===== Material for this exercise

(* Let $(A,\cdot,\alpha)$ be a Hom-Malcev algebra over a field $\mathbb{K}$ of characteristic $0$, and define for $w,x,y,z\in A$ $$G(w,x,y,z)=J_{\alpha}(w\cdot x,\alpha(y),\alpha(z))-\alpha^{2}(x)\cdot J_{\alpha}(w,y,z)-J_{\alpha}(x,y,z)\cdot\alpha^{2}(w).$$ Then for all $w,x,y,z\in A$, $$G(w,x,y,z)=2\big[J_{\alpha}(w\cdot x,\alpha(y),\alpha(z))+J_{\alpha}(y\cdot z,\alpha(w),\alpha(x))\big].$$
   Context: A multiplicative Hom-algebra is a triple $(A,\cdot,\alpha)$ with $A$ a vector space over $\mathbb{K}$, $\cdot$ bilinear, and $\alpha$ linear with $\alpha(x\cdot y)=\alpha(x)\cdot\alpha(y)$; anticommutative means $x\cdot y=-y\cdot x$. The Hom-Jacobian is $J_{\alpha}(x,y,z)=(x\cdot y)\cdot\alpha(z)+(y\cdot z)\cdot\alpha(x)+(z\cdot x)\cdot\alpha(y)$. A Hom-Malcev algebra is an anticommutative multiplicative Hom-algebra satisfying $J_{\alpha}(\alpha(x),\alpha(y),x\cdot z)=J_{\alpha}(x,y,z)\cdot\alpha^{2}(x)$ for all $x,y,z\in A$. *)

theory Defs
  imports Complex_Main
begin

definition hom_jacobian :: "('a \<Rightarrow> 'a \<Rightarrow> 'a::ab_group_add) \<Rightarrow> ('a \<Rightarrow> 'a) \<Rightarrow> 'a \<Rightarrow> 'a \<Rightarrow> 'a \<Rightarrow> 'a" where
  "hom_jacobian mult \<alpha> x y z =
     mult (mult x y) (\<alpha> z) + mult (mult y z) (\<alpha> x) + mult (mult z x) (\<alpha> y)"

definition hom_malcev ::
  "('k::field \<Rightarrow> 'a \<Rightarrow> 'a::ab_group_add) \<Rightarrow> ('a \<Rightarrow> 'a \<Rightarrow> 'a) \<Rightarrow> ('a \<Rightarrow> 'a) \<Rightarrow> bool" where
  "hom_malcev scale mult \<alpha> \<longleftrightarrow>
     vector_space scale \<and>
     (\<forall>y. module_hom scale scale (\<lambda>x. mult x y)) \<and>
     (\<forall>x. module_hom scale scale (\<lambda>y. mult x y)) \<and>
     module_hom scale scale \<alpha> \<and>
     (\<forall>x y. \<alpha> (mult x y) = mult (\<alpha> x) (\<alpha> y)) \<and>
     (\<forall>x y. mult x y = - mult y x) \<and>
     (\<forall>x y z. hom_jacobian mult \<alpha> (\<alpha> x) (\<alpha> y) (mult x z)
                = mult (hom_jacobian mult \<alpha> x y z) (\<alpha> (\<alpha> x)))"

end

theory Submission
  imports Defs
begin

text \<open>Polarizing the Hom-Malcev identity in its repeated variable gives a multilinear identity
  \<open>\<Lambda>(a, d, b, c) = 0\<close>. After expanding all Jacobians, twice the difference
  \<open>G(w, x, y, z) - 2[J(wx, \<alpha>y, \<alpha>z) + J(yz, \<alpha>w, \<alpha>x)]\<close> is, modulo anticommutativity,
  a signed sum of five instances of \<open>\<Lambda>\<close> (\<open>linearized_malcev\<close>) with \<open>a = w\<close>, hence
  zero; in characteristic 0 the difference itself vanishes.\<close>

lemma (in module) scale_two: "scale 2 v = v + v"
  using scale_left_distrib[of 1 1 v] by (simp add: one_add_one)

lemma module_double_eq_zero_imp_eq_zero:
  fixes scale :: "'k::field_char_0 \<Rightarrow> 'a::ab_group_add \<Rightarrow> 'a" and v :: 'a
  assumes "module scale" and "v + v = 0"
  shows "v = 0"
proof -
  interpret module scale by fact
  have "v = scale (1/2) (v + v)"
    by (simp add: scale_right_distrib flip: scale_left_distrib)
  with \<open>v + v = 0\<close> show ?thesis by simp
qed

locale hom_malcev_algebra =
  fixes scale :: "'k::field \<Rightarrow> 'a::ab_group_add \<Rightarrow> 'a"
    and mult :: "'a \<Rightarrow> 'a \<Rightarrow> 'a" and \<alpha> :: "'a \<Rightarrow> 'a"
  assumes hom_malcev: "hom_malcev scale mult \<alpha>"
begin

abbreviation J :: "'a \<Rightarrow> 'a \<Rightarrow> 'a \<Rightarrow> 'a" where
  "J \<equiv> hom_jacobian mult \<alpha>"

lemma module_hom_mult_left: "module_hom scale scale (\<lambda>x. mult x y)"
  and module_hom_mult_right: "module_hom scale scale (\<lambda>y. mult x y)"
  and module_hom_alpha: "module_hom scale scale \<alpha>"
  and alpha_mult: "\<alpha> (mult x y) = mult (\<alpha> x) (\<alpha> y)"
  and mult_anticomm: "mult x y = - mult y x"
  and malcev_identity: "J (\<alpha> x) (\<alpha> y) (mult x z) = mult (J x y z) (\<alpha> (\<alpha> x))"
  using hom_malcev unfolding hom_malcev_def by blast+

lemma module_scale: "module scale"
  using module_hom_alpha module_hom_iff by blast

lemmas mult_add_left = module_hom.add[OF module_hom_mult_left]
lemmas mult_add_right = module_hom.add[OF module_hom_mult_right]
lemmas mult_minus_left = module_hom.neg[OF module_hom_mult_left]
lemmas mult_minus_right = module_hom.neg[OF module_hom_mult_right]
lemmas alpha_add = module_hom.add[OF module_hom_alpha]

lemmas hom_jacobian_expand =
  hom_jacobian_def mult_add_left mult_add_right alpha_add alpha_mult

definition linearized_malcev :: "'a \<Rightarrow> 'a \<Rightarrow> 'a \<Rightarrow> 'a \<Rightarrow> 'a" where
  "linearized_malcev a d b c =
     J (\<alpha> a) (\<alpha> b) (mult d c) + J (\<alpha> d) (\<alpha> b) (mult a c)
     - mult (J d b c) (\<alpha> (\<alpha> a)) - mult (J a b c) (\<alpha> (\<alpha> d))"

lemma linearized_malcev_eq_0: "linearized_malcev a d b c = 0"
proof -
  have "linearized_malcev a d b c =
      (J (\<alpha> (a + d)) (\<alpha> b) (mult (a + d) c) - mult (J (a + d) b c) (\<alpha> (\<alpha> (a + d))))
    - (J (\<alpha> a) (\<alpha> b) (mult a c) - mult (J a b c) (\<alpha> (\<alpha> a)))
    - (J (\<alpha> d) (\<alpha> b) (mult d c) - mult (J d b c) (\<alpha> (\<alpha> d)))"
    unfolding linearized_malcev_def by (simp only: hom_jacobian_expand) (simp add: algebra_simps)
  then show ?thesis
    by (simp add: malcev_identity)
qed

definition malcev_G :: "'a \<Rightarrow> 'a \<Rightarrow> 'a \<Rightarrow> 'a \<Rightarrow> 'a" where
  "malcev_G w x y z =
     J (mult w x) (\<alpha> y) (\<alpha> z) - mult (\<alpha> (\<alpha> x)) (J w y z) - mult (J x y z) (\<alpha> (\<alpha> w))"

lemma malcev_G_defect_double_eq:
  fixes w x y z :: 'a
  defines "K \<equiv> J (mult w x) (\<alpha> y) (\<alpha> z) + J (mult y z) (\<alpha> w) (\<alpha> x)"
  shows "(malcev_G w x y z - (K + K)) + (malcev_G w x y z - (K + K)) =
      linearized_malcev w z x y - linearized_malcev w y z x
    - linearized_malcev w y x z - linearized_malcev w y x z - linearized_malcev w x y z"
proof -
  \<comment> \<open>Anticommutativity, oriented so that both sides reach the same normal form.\<close>
  have swap_alpha: "mult (\<alpha> u) (mult a b) = - mult (mult a b) (\<alpha> u)" for u a b
    by (rule mult_anticomm)
  note swap = swap_alpha
    mult_anticomm[of x w] mult_anticomm[of y w] mult_anticomm[of z w]
    mult_anticomm[of y x] mult_anticomm[of z x] mult_anticomm[of z y]
    mult_anticomm[of "\<alpha> x" "\<alpha> w"] mult_anticomm[of "\<alpha> y" "\<alpha> w"] mult_anticomm[of "\<alpha> z" "\<alpha> w"]
    mult_anticomm[of "\<alpha> y" "\<alpha> x"] mult_anticomm[of "\<alpha> z" "\<alpha> x"] mult_anticomm[of "\<alpha> z" "\<alpha> y"]
    mult_anticomm[of "mult (\<alpha> x) (\<alpha> y)" "mult (\<alpha> w) (\<alpha> z)"]
    mult_anticomm[of "mult (\<alpha> x) (\<alpha> z)" "mult (\<alpha> w) (\<alpha> y)"]
    mult_anticomm[of "mult (\<alpha> y) (\<alpha> z)" "mult (\<alpha> w) (\<alpha> x)"]
  show ?thesis
    unfolding K_def malcev_G_def linearized_malcev_def
    by (simp only: hom_jacobian_expand) (simp only: swap mult_minus_left mult_minus_right minus_minus,
        simp add: algebra_simps)
qed

end

theorem lemma2p7:
  fixes scale :: "'k::field_char_0 \<Rightarrow> 'a::ab_group_add \<Rightarrow> 'a"
    and mult :: "'a \<Rightarrow> 'a \<Rightarrow> 'a" and \<alpha> :: "'a \<Rightarrow> 'a"
  assumes "hom_malcev scale mult \<alpha>"
  shows "\<forall>w x y z.
    hom_jacobian mult \<alpha> (mult w x) (\<alpha> y) (\<alpha> z)
      - mult (\<alpha> (\<alpha> x)) (hom_jacobian mult \<alpha> w y z)
      - mult (hom_jacobian mult \<alpha> x y z) (\<alpha> (\<alpha> w))
    = scale 2 (hom_jacobian mult \<alpha> (mult w x) (\<alpha> y) (\<alpha> z)
               + hom_jacobian mult \<alpha> (mult y z) (\<alpha> w) (\<alpha> x))"
proof (intro allI)
  fix w x y z
  interpret hom_malcev_algebra scale mult \<alpha>
    using assms by unfold_locales
  let ?K = "J (mult w x) (\<alpha> y) (\<alpha> z) + J (mult y z) (\<alpha> w) (\<alpha> x)"
  have "(malcev_G w x y z - (?K + ?K)) + (malcev_G w x y z - (?K + ?K)) = 0"
    unfolding malcev_G_defect_double_eq linearized_malcev_eq_0 by simp
  then have "malcev_G w x y z - (?K + ?K) = 0"
    by (rule module_double_eq_zero_imp_eq_zero[OF module_scale])
  then have "malcev_G w x y z = scale 2 ?K"
    by (simp add: module.scale_two[OF module_scale])
  then show "J (mult w x) (\<alpha> y) (\<alpha> z) - mult (\<alpha> (\<alpha> x)) (J w y z) - mult (J x y z) (\<alpha> (\<alpha> w))
      = scale 2 ?K"
    unfolding malcev_G_def .
qed

end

==========

What is required: Your answer should consist only of the lines above between the line holding "text \<open>Polarizing the" and the line holding "lemma (in module)", inclusive, each transcribed exactly.

Response:
text \<open>Polarizing the Hom-Malcev identity in its repeated variable gives a multilinear identity
  \<open>\<Lambda>(a, d, b, c) = 0\<close>. After expanding all Jacobians, twice the difference
  \<open>G(w, x, y, z) - 2[J(wx, \<alpha>y, \<alpha>z) + J(yz, \<alpha>w, \<alpha>x)]\<close> is, modulo anticommutativity,
  a signed sum of five instances of \<open>\<Lambda>\<close> (\<open>linearized_malcev\<close>) with \<open>a = w\<close>, hence
  zero; in characteristic 0 the difference itself vanishes.\<close>

lemma (in module) scale_two: "scale 2 v = v + v"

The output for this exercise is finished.